Collected data entries
*** Begin section ***
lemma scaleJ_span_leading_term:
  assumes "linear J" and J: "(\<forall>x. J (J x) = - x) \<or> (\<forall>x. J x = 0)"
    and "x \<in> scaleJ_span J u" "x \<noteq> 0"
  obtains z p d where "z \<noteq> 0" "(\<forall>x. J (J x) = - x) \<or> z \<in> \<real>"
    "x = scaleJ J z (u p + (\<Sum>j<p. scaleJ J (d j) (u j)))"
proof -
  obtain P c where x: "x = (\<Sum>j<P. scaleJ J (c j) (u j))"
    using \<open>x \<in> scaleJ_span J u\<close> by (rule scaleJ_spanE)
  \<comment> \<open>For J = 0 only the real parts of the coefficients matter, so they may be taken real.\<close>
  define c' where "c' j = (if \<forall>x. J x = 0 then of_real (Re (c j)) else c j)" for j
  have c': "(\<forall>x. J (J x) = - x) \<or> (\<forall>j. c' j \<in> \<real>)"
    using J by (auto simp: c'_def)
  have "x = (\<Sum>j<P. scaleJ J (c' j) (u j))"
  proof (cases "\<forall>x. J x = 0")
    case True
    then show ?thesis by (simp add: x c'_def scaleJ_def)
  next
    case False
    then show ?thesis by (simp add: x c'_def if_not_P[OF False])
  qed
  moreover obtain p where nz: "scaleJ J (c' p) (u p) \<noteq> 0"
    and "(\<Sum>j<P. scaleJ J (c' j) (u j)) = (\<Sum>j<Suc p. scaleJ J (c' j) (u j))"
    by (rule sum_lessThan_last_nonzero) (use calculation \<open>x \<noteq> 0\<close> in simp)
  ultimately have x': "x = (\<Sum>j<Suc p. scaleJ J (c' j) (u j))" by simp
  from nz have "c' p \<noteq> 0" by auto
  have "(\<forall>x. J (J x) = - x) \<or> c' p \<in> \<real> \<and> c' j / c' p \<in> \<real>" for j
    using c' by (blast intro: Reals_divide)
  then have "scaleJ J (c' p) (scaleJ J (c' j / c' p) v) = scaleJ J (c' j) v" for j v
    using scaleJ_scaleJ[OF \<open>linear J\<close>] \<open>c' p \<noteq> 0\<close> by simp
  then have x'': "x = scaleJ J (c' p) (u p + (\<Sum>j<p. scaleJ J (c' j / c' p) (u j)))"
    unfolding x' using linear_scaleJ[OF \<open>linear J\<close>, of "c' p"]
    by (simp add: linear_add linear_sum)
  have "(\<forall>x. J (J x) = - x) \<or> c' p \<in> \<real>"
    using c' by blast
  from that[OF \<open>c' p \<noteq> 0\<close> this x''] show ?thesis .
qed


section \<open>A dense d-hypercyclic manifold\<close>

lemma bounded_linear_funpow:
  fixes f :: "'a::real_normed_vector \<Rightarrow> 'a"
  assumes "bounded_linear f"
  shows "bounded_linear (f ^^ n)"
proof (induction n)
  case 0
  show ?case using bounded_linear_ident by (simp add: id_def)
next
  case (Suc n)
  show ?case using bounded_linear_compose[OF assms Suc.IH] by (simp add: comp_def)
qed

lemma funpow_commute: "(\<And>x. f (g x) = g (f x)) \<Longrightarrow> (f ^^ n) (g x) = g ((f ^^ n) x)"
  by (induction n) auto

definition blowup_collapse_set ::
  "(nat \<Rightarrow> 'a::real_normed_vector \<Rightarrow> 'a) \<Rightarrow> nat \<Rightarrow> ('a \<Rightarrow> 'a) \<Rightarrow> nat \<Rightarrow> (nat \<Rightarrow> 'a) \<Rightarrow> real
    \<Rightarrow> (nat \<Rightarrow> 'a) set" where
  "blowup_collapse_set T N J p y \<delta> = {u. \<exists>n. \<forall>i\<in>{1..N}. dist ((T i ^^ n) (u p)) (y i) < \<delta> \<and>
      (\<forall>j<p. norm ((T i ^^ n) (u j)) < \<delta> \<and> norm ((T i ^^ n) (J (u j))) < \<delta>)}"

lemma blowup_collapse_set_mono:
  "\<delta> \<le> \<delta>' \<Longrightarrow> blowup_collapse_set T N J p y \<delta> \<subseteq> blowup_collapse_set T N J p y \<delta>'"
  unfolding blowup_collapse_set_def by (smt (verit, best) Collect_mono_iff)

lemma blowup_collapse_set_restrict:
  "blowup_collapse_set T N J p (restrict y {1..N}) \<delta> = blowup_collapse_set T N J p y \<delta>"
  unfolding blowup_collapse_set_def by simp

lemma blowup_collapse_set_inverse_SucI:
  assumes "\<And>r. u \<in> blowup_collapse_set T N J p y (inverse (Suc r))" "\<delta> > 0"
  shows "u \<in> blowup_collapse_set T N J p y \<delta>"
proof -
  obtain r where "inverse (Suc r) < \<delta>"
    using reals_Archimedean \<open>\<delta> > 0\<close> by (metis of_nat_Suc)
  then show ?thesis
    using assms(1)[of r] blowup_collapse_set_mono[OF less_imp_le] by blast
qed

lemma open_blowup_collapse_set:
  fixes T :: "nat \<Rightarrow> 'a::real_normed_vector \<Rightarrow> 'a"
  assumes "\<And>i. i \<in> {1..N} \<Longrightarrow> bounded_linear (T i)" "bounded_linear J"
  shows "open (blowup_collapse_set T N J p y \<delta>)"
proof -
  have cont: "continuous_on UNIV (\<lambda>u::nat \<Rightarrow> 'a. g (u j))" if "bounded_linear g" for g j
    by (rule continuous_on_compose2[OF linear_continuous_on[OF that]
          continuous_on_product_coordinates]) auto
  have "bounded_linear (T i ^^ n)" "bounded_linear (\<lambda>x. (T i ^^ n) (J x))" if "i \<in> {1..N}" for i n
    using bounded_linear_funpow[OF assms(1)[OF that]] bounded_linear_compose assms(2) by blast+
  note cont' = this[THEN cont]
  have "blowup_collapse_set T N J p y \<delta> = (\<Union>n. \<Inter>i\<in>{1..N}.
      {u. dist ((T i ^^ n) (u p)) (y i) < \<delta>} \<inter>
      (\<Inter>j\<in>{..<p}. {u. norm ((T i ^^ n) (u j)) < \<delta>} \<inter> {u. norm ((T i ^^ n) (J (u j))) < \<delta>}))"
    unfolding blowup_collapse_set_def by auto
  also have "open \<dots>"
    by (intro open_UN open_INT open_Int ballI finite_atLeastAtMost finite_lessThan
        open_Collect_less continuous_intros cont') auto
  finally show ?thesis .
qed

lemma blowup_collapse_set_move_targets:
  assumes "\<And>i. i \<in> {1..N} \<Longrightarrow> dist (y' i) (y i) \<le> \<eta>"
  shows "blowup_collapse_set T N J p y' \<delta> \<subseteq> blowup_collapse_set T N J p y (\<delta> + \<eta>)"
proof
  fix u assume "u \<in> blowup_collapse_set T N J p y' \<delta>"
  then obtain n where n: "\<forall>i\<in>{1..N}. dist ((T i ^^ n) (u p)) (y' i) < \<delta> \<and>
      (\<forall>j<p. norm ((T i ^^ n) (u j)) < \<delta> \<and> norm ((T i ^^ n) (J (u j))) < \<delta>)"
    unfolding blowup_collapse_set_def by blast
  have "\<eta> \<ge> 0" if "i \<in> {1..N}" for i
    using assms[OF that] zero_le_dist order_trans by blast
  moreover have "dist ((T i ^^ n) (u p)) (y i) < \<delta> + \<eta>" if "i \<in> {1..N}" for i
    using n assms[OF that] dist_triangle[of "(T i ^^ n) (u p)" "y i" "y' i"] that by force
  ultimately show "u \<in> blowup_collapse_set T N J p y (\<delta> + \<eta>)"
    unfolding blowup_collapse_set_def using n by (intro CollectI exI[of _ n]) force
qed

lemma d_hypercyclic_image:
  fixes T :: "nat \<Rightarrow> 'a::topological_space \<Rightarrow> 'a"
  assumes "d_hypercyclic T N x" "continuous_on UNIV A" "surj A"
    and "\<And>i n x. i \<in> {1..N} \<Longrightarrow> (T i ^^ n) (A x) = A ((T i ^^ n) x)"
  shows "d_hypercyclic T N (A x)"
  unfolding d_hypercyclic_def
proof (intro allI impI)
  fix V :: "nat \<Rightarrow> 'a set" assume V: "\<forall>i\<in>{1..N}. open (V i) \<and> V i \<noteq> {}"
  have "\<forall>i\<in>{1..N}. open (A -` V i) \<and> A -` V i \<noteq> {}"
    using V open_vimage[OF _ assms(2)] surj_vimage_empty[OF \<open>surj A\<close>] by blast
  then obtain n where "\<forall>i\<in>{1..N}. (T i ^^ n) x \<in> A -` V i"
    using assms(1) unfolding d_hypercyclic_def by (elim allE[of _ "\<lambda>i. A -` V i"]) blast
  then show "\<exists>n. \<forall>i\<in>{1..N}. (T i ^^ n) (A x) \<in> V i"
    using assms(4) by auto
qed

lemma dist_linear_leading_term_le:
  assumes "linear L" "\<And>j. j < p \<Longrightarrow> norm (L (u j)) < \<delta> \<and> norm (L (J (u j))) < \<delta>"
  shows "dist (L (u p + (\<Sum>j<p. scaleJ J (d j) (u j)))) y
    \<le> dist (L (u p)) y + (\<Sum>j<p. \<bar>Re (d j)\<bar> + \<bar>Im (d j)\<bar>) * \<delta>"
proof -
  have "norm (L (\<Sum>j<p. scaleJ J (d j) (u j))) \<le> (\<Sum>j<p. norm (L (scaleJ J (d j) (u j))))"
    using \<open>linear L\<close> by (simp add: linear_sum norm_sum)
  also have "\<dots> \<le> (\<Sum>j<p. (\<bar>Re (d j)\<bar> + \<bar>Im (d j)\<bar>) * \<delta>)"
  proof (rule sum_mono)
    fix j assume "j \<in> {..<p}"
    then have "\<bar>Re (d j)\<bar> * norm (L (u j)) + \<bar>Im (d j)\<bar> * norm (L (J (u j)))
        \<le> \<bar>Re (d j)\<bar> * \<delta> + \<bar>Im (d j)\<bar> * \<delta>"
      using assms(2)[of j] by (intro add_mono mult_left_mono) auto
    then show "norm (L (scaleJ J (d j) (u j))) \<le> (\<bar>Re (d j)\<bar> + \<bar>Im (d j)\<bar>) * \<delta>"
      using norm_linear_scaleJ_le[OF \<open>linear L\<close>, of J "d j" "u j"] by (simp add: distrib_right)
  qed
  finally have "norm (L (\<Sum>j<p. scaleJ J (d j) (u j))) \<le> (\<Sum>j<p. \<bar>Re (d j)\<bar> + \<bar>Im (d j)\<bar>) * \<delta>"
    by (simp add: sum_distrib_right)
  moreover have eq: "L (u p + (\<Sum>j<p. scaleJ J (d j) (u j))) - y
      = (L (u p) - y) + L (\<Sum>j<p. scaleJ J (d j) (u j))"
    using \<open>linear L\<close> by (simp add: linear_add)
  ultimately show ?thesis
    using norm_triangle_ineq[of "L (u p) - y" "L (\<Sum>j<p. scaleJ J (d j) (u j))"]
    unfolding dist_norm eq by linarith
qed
*** End section ***
Look above for the line with "j)\<bar> * norm (L (J (u j)))" and the line with "using assms(2)[of j]". Write out those two lines and all the lines between them, exactly, and no others.

    then have "\<bar>Re (d j)\<bar> * norm (L (u j)) + \<bar>Im (d j)\<bar> * norm (L (J (u j)))
        \<le> \<bar>Re (d j)\<bar> * \<delta> + \<bar>Im (d j)\<bar> * \<delta>"
      using assms(2)[of j] by (intro add_mono mult_left_mono) auto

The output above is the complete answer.